(Beginning of Exercise data)

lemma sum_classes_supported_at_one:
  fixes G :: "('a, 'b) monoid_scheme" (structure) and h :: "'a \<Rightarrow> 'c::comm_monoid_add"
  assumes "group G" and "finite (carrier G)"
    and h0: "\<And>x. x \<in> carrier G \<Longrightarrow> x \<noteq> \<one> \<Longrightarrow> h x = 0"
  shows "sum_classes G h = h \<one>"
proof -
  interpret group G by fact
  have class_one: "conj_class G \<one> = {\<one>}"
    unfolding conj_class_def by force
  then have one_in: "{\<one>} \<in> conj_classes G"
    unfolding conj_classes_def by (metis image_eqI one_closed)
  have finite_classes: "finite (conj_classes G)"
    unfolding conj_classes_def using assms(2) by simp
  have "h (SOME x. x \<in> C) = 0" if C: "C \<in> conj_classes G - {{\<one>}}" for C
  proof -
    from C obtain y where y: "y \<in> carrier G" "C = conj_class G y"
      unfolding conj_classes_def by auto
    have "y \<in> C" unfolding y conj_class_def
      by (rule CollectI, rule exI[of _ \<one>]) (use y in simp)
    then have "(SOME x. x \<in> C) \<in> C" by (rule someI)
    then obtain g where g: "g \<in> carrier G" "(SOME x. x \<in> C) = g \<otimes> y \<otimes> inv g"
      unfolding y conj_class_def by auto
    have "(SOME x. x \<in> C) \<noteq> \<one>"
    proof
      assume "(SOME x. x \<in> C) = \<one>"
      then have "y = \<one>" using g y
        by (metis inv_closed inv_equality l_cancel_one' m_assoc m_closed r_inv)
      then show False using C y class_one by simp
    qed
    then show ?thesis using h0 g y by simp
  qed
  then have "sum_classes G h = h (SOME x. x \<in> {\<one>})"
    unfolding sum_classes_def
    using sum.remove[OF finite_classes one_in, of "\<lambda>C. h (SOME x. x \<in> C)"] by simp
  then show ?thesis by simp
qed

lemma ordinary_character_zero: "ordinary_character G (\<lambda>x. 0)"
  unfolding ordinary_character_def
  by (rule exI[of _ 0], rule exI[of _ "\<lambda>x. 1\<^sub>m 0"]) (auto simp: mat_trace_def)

(End of Exercise data)

What is needed:
Repeat the records above in full, word for word.

Expected output:
lemma sum_classes_supported_at_one:
  fixes G :: "('a, 'b) monoid_scheme" (structure) and h :: "'a \<Rightarrow> 'c::comm_monoid_add"
  assumes "group G" and "finite (carrier G)"
    and h0: "\<And>x. x \<in> carrier G \<Longrightarrow> x \<noteq> \<one> \<Longrightarrow> h x = 0"
  shows "sum_classes G h = h \<one>"
proof -
  interpret group G by fact
  have class_one: "conj_class G \<one> = {\<one>}"
    unfolding conj_class_def by force
  then have one_in: "{\<one>} \<in> conj_classes G"
    unfolding conj_classes_def by (metis image_eqI one_closed)
  have finite_classes: "finite (conj_classes G)"
    unfolding conj_classes_def using assms(2) by simp
  have "h (SOME x. x \<in> C) = 0" if C: "C \<in> conj_classes G - {{\<one>}}" for C
  proof -
    from C obtain y where y: "y \<in> carrier G" "C = conj_class G y"
      unfolding conj_classes_def by auto
    have "y \<in> C" unfolding y conj_class_def
      by (rule CollectI, rule exI[of _ \<one>]) (use y in simp)
    then have "(SOME x. x \<in> C) \<in> C" by (rule someI)
    then obtain g where g: "g \<in> carrier G" "(SOME x. x \<in> C) = g \<otimes> y \<otimes> inv g"
      unfolding y conj_class_def by auto
    have "(SOME x. x \<in> C) \<noteq> \<one>"
    proof
      assume "(SOME x. x \<in> C) = \<one>"
      then have "y = \<one>" using g y
        by (metis inv_closed inv_equality l_cancel_one' m_assoc m_closed r_inv)
      then show False using C y class_one by simp
    qed
    then show ?thesis using h0 g y by simp
  qed
  then have "sum_classes G h = h (SOME x. x \<in> {\<one>})"
    unfolding sum_classes_def
    using sum.remove[OF finite_classes one_in, of "\<lambda>C. h (SOME x. x \<in> C)"] by simp
  then show ?thesis by simp
qed

lemma ordinary_character_zero: "ordinary_character G (\<lambda>x. 0)"
  unfolding ordinary_character_def
  by (rule exI[of _ 0], rule exI[of _ "\<lambda>x. 1\<^sub>m 0"]) (auto simp: mat_trace_def)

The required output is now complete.